Du moins, la jeune fille assise là s’en contentait pour travailler. Sa tête demeurait penchée sur le linge qu’elle reprisait et l’on ne voyait d’elle que son buste mince, une nuque blanche, de fins cheveux soyeux, blond argenté, formant un nœud épais et partagés en bandeaux sur le devant. Les mains qui maniaient l’aiguille étaient petites et bien faites, mais brunies, un peu durcies même, comme celles d’une ménagère.
Le silence, dans cette rue parisienne quelque peu retirée, était troublé seulement, à de rares intervalles, par le passage d’une voiture ou de piétons dont les pas claquaient sur le sol mouillé. Dans l’appartement lui-même, rien ne venait le rompre.
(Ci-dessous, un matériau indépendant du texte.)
theorem lemma8:
  fixes L \<sigma>0 :: real
  assumes "0 \<le> L" and "0 < \<sigma>0"
  shows "\<exists>B1>0. \<exists>B2>0. \<forall>(M :: 'a measure) n1 n2 X Y mu1 s1 mu2 s2 (f :: real \<Rightarrow> real) t.
    two_sample_normal M n1 n2 X Y mu1 s1 mu2 s2 \<and> s1\<^sup>2 \<le> \<sigma>0\<^sup>2 \<and> s2\<^sup>2 \<le> \<sigma>0\<^sup>2 \<and>
    2 \<le> n1 \<and> 2 \<le> n2 \<and> L-lipschitz_on UNIV f \<and> 0 < t \<longrightarrow>
      prob_space.prob M {\<omega> \<in> space M. \<bar>T11 f n1 X \<omega> - prob_space.expectation M (T11 f n1 X)\<bar> \<ge> t}
        \<le> 2 * exp (- real n1 * t\<^sup>2 / B1) \<and>
      prob_space.prob M {\<omega> \<in> space M. \<bar>T11 f n2 Y \<omega> - prob_space.expectation M (T11 f n2 Y)\<bar> \<ge> t}
        \<le> 2 * exp (- real n2 * t\<^sup>2 / B1) \<and>
      prob_space.prob M {\<omega> \<in> space M. \<bar>T12 f n1 n2 X Y \<omega> - prob_space.expectation M (T12 f n1 n2 X Y)\<bar> \<ge> t}
        \<le> 2 * exp (- real (min n1 n2) * t\<^sup>2 / B2)"
proof -
  have tails: "prob_space.prob M {\<omega> \<in> space M. \<bar>T11 f n1 X \<omega> - prob_space.expectation M (T11 f n1 X)\<bar> \<ge> t}
        \<le> 2 * exp (- real n1 * t\<^sup>2 / (16 * L\<^sup>2 * \<sigma>0\<^sup>2 + 1)) \<and>
      prob_space.prob M {\<omega> \<in> space M. \<bar>T11 f n2 Y \<omega> - prob_space.expectation M (T11 f n2 Y)\<bar> \<ge> t}
        \<le> 2 * exp (- real n2 * t\<^sup>2 / (16 * L\<^sup>2 * \<sigma>0\<^sup>2 + 1)) \<and>
      prob_space.prob M {\<omega> \<in> space M. \<bar>T12 f n1 n2 X Y \<omega> - prob_space.expectation M (T12 f n1 n2 X Y)\<bar> \<ge> t}
        \<le> 2 * exp (- real (min n1 n2) * t\<^sup>2 / (8 * L\<^sup>2 * \<sigma>0\<^sup>2 + 1))"
    if "two_sample_normal M n1 n2 X Y mu1 s1 mu2 s2" "s1\<^sup>2 \<le> \<sigma>0\<^sup>2" "s2\<^sup>2 \<le> \<sigma>0\<^sup>2"
      "2 \<le> n1" "2 \<le> n2" "L-lipschitz_on UNIV f" "0 < t"
    for M :: "'a measure" and n1 n2 X Y mu1 s1 mu2 s2 and f :: "real \<Rightarrow> real" and t
    using two_sample_normal_T11_tail[OF that] two_sample_normal_T12_tail[OF that] by blast
  \<comment> \<open>the \<open>+ 1\<close> keeps the constants positive for \<open>L = 0\<close>\<close>
  have "0 < 16 * L\<^sup>2 * \<sigma>0\<^sup>2 + 1" and "0 < 8 * L\<^sup>2 * \<sigma>0\<^sup>2 + 1"
    by (simp_all add: add_nonneg_pos)
  with tails show ?thesis
    by blast
qed

end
Mais, soudain, une porte fut ouverte et sur le seuil parut une femme de belle taille, un peu forte, vêtue de soie noire. Son épaisse chevelure foncée, légèrement grisonnante, formait des bandeaux sur le front haut, d’une pâleur un peu ivoirée, comme le visage aux traits fermes, trop accentués, mais dénotant pour l’observateur une dure énergie. Les yeux bleus au regard froid, impérieux, n’étaient pas faits pour démentir cette impression qui rendait peu sympathique Mme Norand-Valentina dans le monde des lettres, où elle était considérée comme une romancière d’un rare, mais amer et âpre talent.